The CMCS has made considerable progress toward using as affinity-tagged “baits” some 1200 R. palustris proteins that meet the following criteria: (1) the protein is predicted to be soluble, (2) the protein has been previously detected by mass spectrometry in proteomics studies. The results of our PPI survey in R. palustris are available via the Microbial Protein-Protein Interaction Database (MiPPI.ornl.gov). Statistical tools allow evaluation of the PPI based on characteristics of the data, and bioinformatics tools provide insights based on comparison of CMCS results to those from other techniques (e.g. gene expression measurements, PPI predictions) as well as PPI data from other organisms.
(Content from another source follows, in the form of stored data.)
lemma exists_nest_colouring:
  "\<exists>\<tau> :: 'v option \<Rightarrow> nat. (\<forall>x\<in>nest_vertices. \<tau> x \<le> 8) \<and>
     (\<forall>x\<in>nest_vertices. \<forall>y\<in>nest_vertices. nest_adj x y \<and> x \<noteq> y \<longrightarrow> \<tau> x \<noteq> \<tau> y)"
proof (rule greedy_colouring[where adj = nest_adj])
  show fin: "finite nest_vertices" using finite_B by (simp add: nest_vertices_def)
  show "nest_adj y x" if "nest_adj x y" for x y using that by (rule nest_adj_sym)
  show "\<exists>u\<in>U. card {y \<in> U. nest_adj u y} \<le> 8" if "U \<subseteq> nest_vertices" "U \<noteq> {}" for U
    using exists_low_degree_vertex[OF finite_subset[OF that(1) fin] that(2) card_nest_adj_le[OF that(1)]] .
qed

definition odd_on_neighbourhoods :: "('v \<Rightarrow> nat) \<Rightarrow> bool" where
  "odd_on_neighbourhoods col \<longleftrightarrow> (\<forall>a\<in>A. (\<exists>b\<in>B. interleave (ivl a) (ivl b)) \<longrightarrow>
     (\<exists>c. odd (card {b \<in> B. interleave (ivl a) (ivl b) \<and> col b = c})))"

lemma odd_on_neighbourhoods_xor_colour:
  assumes proper: "\<forall>x\<in>nest_vertices. \<forall>y\<in>nest_vertices. nest_adj x y \<and> x \<noteq> y \<longrightarrow> \<tau> x \<noteq> \<tau> y"
  shows "odd_on_neighbourhoods (xor_colour \<tau>)"
  unfolding odd_on_neighbourhoods_def
proof (intro ballI impI)
  fix a assume a: "a \<in> A" and ne: "\<exists>b\<in>B. interleave (ivl a) (ivl b)"
  let ?N = "{b \<in> B. interleave (ivl a) (ivl b)}"
  have N: "?N = sym_diff (covering (L a)) (covering (R a))"
    by (rule interleaving_eq_sym_diff[OF a])
  then have "covering (L a) \<noteq> covering (R a)" using ne by auto
  then have "innermost (L a) \<noteq> innermost (R a)" using covering_eq_if_innermost_eq by blast
  then have "\<tau> (innermost (L a)) \<noteq> \<tau> (innermost (R a))"
    using a proper innermost_in_nest_vertices unfolding nest_adj_def by blast
  then obtain j where j: "bit (\<tau> (innermost (L a))) j \<noteq> bit (\<tau> (innermost (R a))) j"
    using bit_eq_iff by blast
  have "{b \<in> ?N. bit (xor_colour \<tau> b) j} = sym_diff {b \<in> covering (L a). bit (xor_colour \<tau> b) j}
      {b \<in> covering (R a). bit (xor_colour \<tau> b) j}"
    unfolding N by auto
  then have "odd (card {b \<in> ?N. bit (xor_colour \<tau> b) j})"
    using odd_card_sym_diff[of "{b \<in> covering (L a). bit (xor_colour \<tau> b) j}"
        "{b \<in> covering (R a). bit (xor_colour \<tau> b) j}"]
      odd_card_covering_bit[of "L a"] odd_card_covering_bit[of "R a"] j finite_covering
    by simp
  then obtain c where "odd (card {b \<in> ?N. xor_colour \<tau> b = c})"
    using even_card_if_even_fibres[of ?N "xor_colour \<tau>" "\<lambda>c. bit c j"] finite_B by auto
  moreover have "{b \<in> ?N. xor_colour \<tau> b = c} =
      {b \<in> B. interleave (ivl a) (ivl b) \<and> xor_colour \<tau> b = c}"
    by auto
  ultimately show "\<exists>c. odd (card {b \<in> B. interleave (ivl a) (ivl b) \<and> xor_colour \<tau> b = c})"
    by auto
qed

theorem exists_odd_on_neighbourhoods:
  "\<exists>col. (\<forall>b\<in>B. col b < 16) \<and> odd_on_neighbourhoods col"
proof -
  obtain \<tau> :: "'v option \<Rightarrow> nat" where \<tau>: "\<forall>x\<in>nest_vertices. \<tau> x \<le> 8"
    "\<forall>x\<in>nest_vertices. \<forall>y\<in>nest_vertices. nest_adj x y \<and> x \<noteq> y \<longrightarrow> \<tau> x \<noteq> \<tau> y"
    using exists_nest_colouring by blast
  have "xor_colour \<tau> b < 2 ^ 4" if "b \<in> B" for b
    unfolding xor_colour_def using \<tau>(1) that innermost_in_nest_vertices[of "L b"]
    by (intro xor_less_two_power) (auto simp: nest_vertices_def)
  then show ?thesis using odd_on_neighbourhoods_xor_colour[OF \<tau>(2)] by auto
qed

lemma laminar_pair_swap: "laminar_pair B A L R"
  using finite_A finite_B disjoint L_less_R endpoints_distinct laminar_A laminar_B
  by unfold_locales (auto simp: Un_commute)

lemma odd_coloring_interleaving_graph:
  assumes E: "\<And>u v. E u v \<longleftrightarrow> (u \<in> A \<and> v \<in> B \<or> u \<in> B \<and> v \<in> A) \<and> interleave (ivl u) (ivl v)"
  shows "\<exists>col. odd_coloring (A \<union> B) E 32 col"
proof -
  obtain colB where colB: "\<forall>b\<in>B. colB b < 16" "odd_on_neighbourhoods colB"
    using exists_odd_on_neighbourhoods by blast
  obtain colA where colA: "\<forall>a\<in>A. colA a < 16" "laminar_pair.odd_on_neighbourhoods B A L R colA"
    using laminar_pair.exists_odd_on_neighbourhoods[OF laminar_pair_swap] by blast
  define col where "col v = (if v \<in> A then colA v else 16 + colB v)" for v
  have "\<exists>c. odd (card {u \<in> A \<union> B. E v u \<and> col u = c})" if v: "v \<in> A \<union> B" "E v w" for v w
  proof (cases "v \<in> A")
    case True
    then have "\<exists>b\<in>B. interleave (ivl v) (ivl b)" using v(2) E disjoint by auto
    then obtain c where "odd (card {b \<in> B. interleave (ivl v) (ivl b) \<and> colB b = c})"
      using colB(2) True unfolding odd_on_neighbourhoods_def by blast
    moreover have "{u \<in> A \<union> B. E v u \<and> col u = 16 + c} =
        {b \<in> B. interleave (ivl v) (ivl b) \<and> colB b = c}"
      using True E disjoint colA(1) by (auto simp: col_def)
    ultimately show ?thesis by metis
  next
    case False
    then have vB: "v \<in> B" using v(1) by simp
    then have "\<exists>a\<in>A. interleave (ivl v) (ivl a)" using v(2) E disjoint by auto
    then obtain c where odd: "odd (card {a \<in> A. interleave (ivl v) (ivl a) \<and> colA a = c})"
      using colA(2) vB unfolding laminar_pair.odd_on_neighbourhoods_def[OF laminar_pair_swap] by blast
    then have "c < 16" using colA(1) by (metis (mono_tags, lifting) card.empty empty_Collect_eq odd_pos
        less_not_refl)
    then have "{u \<in> A \<union> B. E v u \<and> col u = c} =
        {a \<in> A. interleave (ivl v) (ivl a) \<and> colA a = c}"
      using vB E disjoint by (auto simp: col_def)
    then show ?thesis using odd by metis
  qed
  moreover have "col u \<noteq> col v" if "u \<in> A \<union> B" "v \<in> A \<union> B" "E u v" for u v
    using that E colA(1) disjoint by (auto simp: col_def)
  moreover have "col v < 32" if "v \<in> A \<union> B" for v
    using that colA(1) colB(1) by (auto simp: col_def)
  ultimately show ?thesis unfolding odd_coloring_def by blast
qed
end

section \<open>Chords of the unit circle\<close>

lemma convex_combination_root:
  fixes s t :: real
  assumes "s * t \<le> 0"
  obtains u where "0 \<le> u" "u \<le> 1" "(1 - u) * s + u * t = 0"
proof (cases "s = t")
  case True
  then have "s = 0" using assms by (auto simp: mult_le_0_iff)
  then show ?thesis using that[of 0] True by simp
next
  case False
  show ?thesis
  proof (rule that[of "s / (s - t)"])
    show "(1 - s / (s - t)) * s + s / (s - t) * t = 0"
      using False by (simp add: field_simps)
    show "0 \<le> s / (s - t)" "s / (s - t) \<le> 1"
      using assms False by (auto simp: mult_le_0_iff divide_simps)
  qed
qed

lemma parallel_vector_scale:
  fixes d1 d2 y1 y2 :: real
  assumes "d1 \<noteq> 0 \<or> d2 \<noteq> 0" "d1 * y2 = d2 * y1"
  shows "\<exists>t. y1 = t * d1 \<and> y2 = t * d2"
proof -
  define n where "n = d1\<^sup>2 + d2\<^sup>2"
  have "n > 0" using assms(1) unfolding n_def by (auto simp: add_pos_nonneg add_nonneg_pos)
  moreover have "y1 * n = (d1 * y1 + d2 * y2) * d1" "y2 * n = (d1 * y1 + d2 * y2) * d2"
    using assms(2) unfolding n_def by (simp_all add: power2_eq_square algebra_simps)
  ultimately show ?thesis
    by (intro exI[of _ "(d1 * y1 + d2 * y2) / n"]) (simp add: field_simps)
qed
The results from the CMCS PPI pipeline are proving to be useful as a source of hypotheses for more detailed experiments aimed at particular pathways or systems in microbes. One example evolves around interactions observed in nitrogen fixing cells among proteins which are potentially involved in electron transfer to nitrogenase. Collaborative experiments involving the CMCS and the Harwood laboratory at the University of Washington are building on this result to explore the implications for production of hydrogen via the nitrogen fixation reaction. A further example involves study of a stress response pathway in R. palustris based on observed PPI involving proteins encoded by an operon that includes an ECF sigma factor, a putative response regulator, a putative histidine kinase, and an unknown protein.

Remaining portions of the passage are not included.